По всей вероятности, ему хочется развеять эти сомнения или утвердиться в них окончательно. Он кое-где читает свою многострадальную пьесу. Читает в какой-то квартире, обставленной восточными древностями, компании молодых драматургов, которые увлеченно корпят над агитками и лубками на темы строительства и Гражданской войны. Молодые драматурги вперяют в нервного, беспокойного автора выжидающие и суровые взоры, под которыми он поеживается слегка, так что у него все точно замирает внутри и он слишком долго разглаживает похолодевшей ладонью тетрадь.

Равнодушные, равнодушные лица. От смущения Михаил Афанасьевич для какого-то дьявола пускается изъяснять, как эта пьеса писалась, чуть ли не о волшебной коробочке на столе. Тишина становится напряженной. Он спохватывается, начинает читать. Его голос с каждой фразой твердеет, наконец становится похож на металл.

Кончает читать. Глядит исподлобья. Видит: пьеса в общем понравилась. Однако приговор молодых драматургов, мыслящих лозунгами великой эпохи, довольно суров и странным образом напоминает вежливые суждения мхатовцев. Один из них, позднее гремевший на московской столичной и на многих провинциальных сценах рвущейся в новую эру страны, еще позднее напрочь забытый за свои малопочтенные подвиги, подводит не совсем лестный итог:

«Тогда пьеса была гораздо больше размером, громоздкой и композиционно несколько неуклюжей. Действие происходило на двух этажах, в двух разных квартирах. Персонажи соединялись, разъединялись, опять соединялись, и это создавало калейдоскопическую суматоху. Но роли были выписаны великолепно!..»

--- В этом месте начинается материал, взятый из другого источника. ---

inductive rl_eq :: "'y lexpr \<Rightarrow> 'y lexpr \<Rightarrow> bool" where
  refl: "rl_eq a a"
| sym: "rl_eq a b \<Longrightarrow> rl_eq b a"
| trans: "rl_eq a b \<Longrightarrow> rl_eq b c \<Longrightarrow> rl_eq a c"
| cong_add: "rl_eq a b \<Longrightarrow> rl_eq c d \<Longrightarrow> rl_eq (Add a c) (Add b d)"
| cong_neg: "rl_eq a b \<Longrightarrow> rl_eq (Neg a) (Neg b)"
| cong_br: "rl_eq a b \<Longrightarrow> rl_eq c d \<Longrightarrow> rl_eq (Br a c) (Br b d)"
| add_assoc: "rl_eq (Add (Add a b) c) (Add a (Add b c))"
| add_comm: "rl_eq (Add a b) (Add b a)"
| add_zero: "rl_eq (Add a Zero) a"
| add_neg: "rl_eq (Add a (Neg a)) Zero"
| br_add_left: "rl_eq (Br (Add a b) c) (Add (Br a c) (Br b c))"
| br_add_right: "rl_eq (Br a (Add b c)) (Add (Br a b) (Br a c))"
| br_alt: "rl_eq (Br a a) Zero"
| jacobi: "rl_eq (Add (Br a (Br b c)) (Add (Br b (Br c a)) (Br c (Br a b)))) Zero"
| rel: "2 \<le> length ys \<Longrightarrow> \<not> distinct ys \<Longrightarrow> rl_eq (rnorm ys) Zero"

lemma rl_eq_equivp: "equivp rl_eq"
  by (rule equivpI; auto intro: reflpI sympI transpI rl_eq.intros)

quotient_type 'y RL = "'y lexpr" / rl_eq
  by (rule rl_eq_equivp)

Другими словами, новаторство всегда не в чести, и ему бы попросту плюнуть на всю эту дичь, однако же он, хотя временами и чует в себе громадный талант, по-прежнему ужасно не уверен в себе, прислушивается, колеблется, размышляет, приходит наконец к заключению, что с пьесой все-таки надо что-нибудь сделать.

Прежде всего, он проделывает самую обыкновенную вещь, которую давным-давно пора было проделать: прочитывает всю пьесу с часами в руке. Шестнадцать картин читаются три часа, кажется, еще с небольшим. Это открытие его доводит до паники, поскольку ни один театр в мире, об этом-то он знает отлично, не рискнет на такой длиннейший спектакль и ни один, даже самый пламенный зритель не досидит до конца, страшась опоздать на последний трамвай.

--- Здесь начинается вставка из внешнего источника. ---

lemma Digamma_reflection_complex:
  fixes z :: complex
  assumes z: "z \<notin> \<int>"
  shows "Digamma (1 - z) = Digamma z + pi_cot z"
proof -
  have s: "sin (of_real pi * z) \<noteq> 0" using z by (simp add: sin_pi_times_eq_0_iff)
  have z1: "1 - z \<notin> \<int>" using z by (rule one_minus_not_Ints)
  define S where "S = {w::complex. sin (of_real pi * w) \<noteq> 0}"
  have S: "open S" "z \<in> S"
    using s unfolding S_def by (auto intro!: open_Collect_neq continuous_intros)
  have "((\<lambda>w. of_real pi / sin (of_real pi * w)) has_field_derivative
      (- (of_real pi ^ 2 * cos (of_real pi * z) / sin (of_real pi * z) ^ 2))) (at z)"
    using s by (auto intro!: derivative_eq_intros simp: power2_eq_square)
  then have D: "((\<lambda>w. Gamma w * Gamma (1 - w)) has_field_derivative
      (- (of_real pi ^ 2 * cos (of_real pi * z) / sin (of_real pi * z) ^ 2))) (at z)"
    by (rule has_field_derivative_transform_within_open[OF _ S])
       (simp add: Gamma_reflection_complex)
  have "((\<lambda>w. Gamma w * Gamma (1 - w)) has_field_derivative
      Gamma z * Gamma (1 - z) * (Digamma z - Digamma (1 - z))) (at z)"
    using z z1 nonpos_Ints_subset_Ints
    by (auto intro!: derivative_eq_intros simp: algebra_simps)
  from DERIV_unique[OF this D] have
    "of_real pi / sin (of_real pi * z) * (Digamma z - Digamma (1 - z))
       = - (of_real pi ^ 2 * cos (of_real pi * z) / sin (of_real pi * z) ^ 2)"
    by (simp add: Gamma_reflection_complex)
  also have "\<dots> = of_real pi / sin (of_real pi * z) * (- pi_cot z)"
    using s by (simp add: pi_cot_def cot_def field_simps power2_eq_square)
  finally have "Digamma z - Digamma (1 - z) = - pi_cot z" using s by (subst (asm) mult_left_cancel) auto
  then show ?thesis by (simp add: algebra_simps)
qed

lemma Polygamma_1_reflection_complex:
  fixes z :: complex
  assumes z: "z \<notin> \<int>"
  shows "Polygamma 1 z + Polygamma 1 (1 - z) = pi_csc_sq z"
proof -
  have s: "sin (of_real pi * z) \<noteq> 0" using z by (simp add: sin_pi_times_eq_0_iff)
  have z1: "1 - z \<notin> \<int>" using z by (rule one_minus_not_Ints)
  define S where "S = {w::complex. w \<notin> \<int>}"
  have S: "open S" "z \<in> S"
    using z unfolding S_def sin_pi_times_eq_0_iff[symmetric]
    by (auto intro!: open_Collect_neq continuous_intros)
  have "((\<lambda>w. - pi_cot w) has_field_derivative pi_csc_sq z) (at z)"
  proof -
    have "((\<lambda>w. - of_real pi * cot (of_real pi * w)) has_field_derivative
        - of_real pi * (- inverse (sin (of_real pi * z) ^ 2) * of_real pi)) (at z)"
      by (intro DERIV_cmult DERIV_chain2[where f = cot and g = "\<lambda>w. of_real pi * w", OF DERIV_cot[OF s]]) (auto intro!: derivative_eq_intros)
    then show ?thesis by (simp add: pi_cot_def pi_csc_sq_def field_simps power2_eq_square)
  qed
  moreover have "- pi_cot x = Digamma x - Digamma (1 - x)" if "x \<in> S" for x
  proof -
    have "x \<notin> \<int>" using that by (simp add: S_def)
    from Digamma_reflection_complex[OF this] show ?thesis by simp
  qed
  ultimately have D: "((\<lambda>w. Digamma w - Digamma (1 - w)) has_field_derivative pi_csc_sq z) (at z)"
    by (rule has_field_derivative_transform_within_open[OF _ S])
  have "((\<lambda>w. Digamma w - Digamma (1 - w)) has_field_derivative
      Polygamma 1 z + Polygamma 1 (1 - z)) (at z)"
    using z z1 nonpos_Ints_subset_Ints by (auto intro!: derivative_eq_intros)
  from DERIV_unique[OF this D] show ?thesis .
qed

К тому же, едва первая волна паники начинает спадать, ему приходит на ум, что в каждом приличном спектакле еще имеются паузы, когда актеры молчат и таким нехитрым приемом значительно углубляют впечатление зрителя, а с паузами его пьесе не уложиться и в четыре часа.

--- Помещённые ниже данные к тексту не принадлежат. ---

(* Let $G$ be a graph and $k \ge 0$ an integer. Then $G$ has a 2-coloring of cost at most $k$ if and only if there exists a set $S \subseteq E(G)$ of at most $k$ edges such that $G/S$ is bipartite.
   Context: All graphs are finite, simple and undirected. A 2-coloring of $G$ is any function $\phi: V(G)\to\{1,2\}$ (not necessarily proper). A monochromatic component of $\phi$ is a vertex set $X$ such that $G[X]$ is a connected component of $G[\phi^{-1}(1)]$ or of $G[\phi^{-1}(2)]$. The cost of $\phi$ is $\sum_{X} (|X|-1)$, the sum over all monochromatic components $X$ of $\phi$. Contracting an edge $xy$ deletes $x$ and $y$ and replaces them by a new vertex adjacent to exactly the vertices adjacent to at least one of $x,y$. For $S\subseteq E(G)$, $G/S$ is the graph obtained by repeatedly contracting an edge of $S$ until none remains; equivalently, by contracting all edges of a spanning forest of $(V(G),S)$. *)

theory Defs
  imports Main
begin

definition graph :: "'a set \<Rightarrow> 'a set set \<Rightarrow> bool" where
  "graph V E \<longleftrightarrow> finite V \<and> (\<forall>e\<in>E. \<exists>x y. x \<noteq> y \<and> e = {x, y} \<and> x \<in> V \<and> y \<in> V)"

definition adj_in :: "'a set set \<Rightarrow> 'a set \<Rightarrow> ('a \<times> 'a) set" where
  "adj_in F W = {(x, y). {x, y} \<in> F \<and> x \<in> W \<and> y \<in> W}"

definition components :: "'a set set \<Rightarrow> 'a set \<Rightarrow> 'a set set" where
  "components F W = (\<lambda>x. {y. (x, y) \<in> (adj_in F W)\<^sup>*}) ` W"

text \<open>2-coloring: any function into {1,2} on V (not necessarily proper).\<close>
definition two_coloring :: "'a set \<Rightarrow> ('a \<Rightarrow> nat) \<Rightarrow> bool" where
  "two_coloring V \<phi> \<longleftrightarrow> \<phi> ` V \<subseteq> {1, 2}"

Тут вторая волна паники захлестывает его. Он принимается в холодном отчаянье думать, что пьесу волей-неволей придется значительно сократить, даже если бы театр не потребовал больше никаких перемен.

Третья волна паники, само собой, поскольку он абсолютно не приложит ума, что сокращать. Для него начинаются адовы муки:

«Все мне казалось важным, а, кроме того, стоило наметить что-нибудь к изгнанию, как все с трудом возведенное здание начинало сыпаться, и мне снилось, что падают карнизы и обваливаются балконы, и были эти сны вещие...»

Что доказывает непредубежденному наблюдателю, что пьеса «Белая гвардия» сделана превосходно, умелой рукой, поскольку только из плохо сделанной пьесы легко изгнать любого героя и любой эпизод.

«Тогда я изгнал одно действующее лицо, отчего одна картина как-то скособочилась, потом совсем вылетела, и стало одиннадцать картин. Дальше, как я ни ломал голову, как ни курил, ничего сократить не мог. У меня каждый день болел левый висок...»

Сколько он метался и мучился, с болью в левом виске, теперь уже невозможно сказать. Определенно ясно только одно: наконец он решается принести театру самую трудную жертву, которая приходит в голову Станиславскому и которой безапелляционно требует Судаков, его ученик, и вслед за Най-Турсом из пьесы удаляется Малышев.

Он тупо глядит: двух героев не стало — что же произошло? А произошла ужасная вещь: исчезает многоголосие, мечтательный мягкий Алеша Турбин остается один, поневоле вобрав в себя и прежнего Турбина, и Ная, и Малышева. И становится после этой варварской операции мечтательный мягкий Алеша Турбин абсолютно другим. Решительным становится, волевым.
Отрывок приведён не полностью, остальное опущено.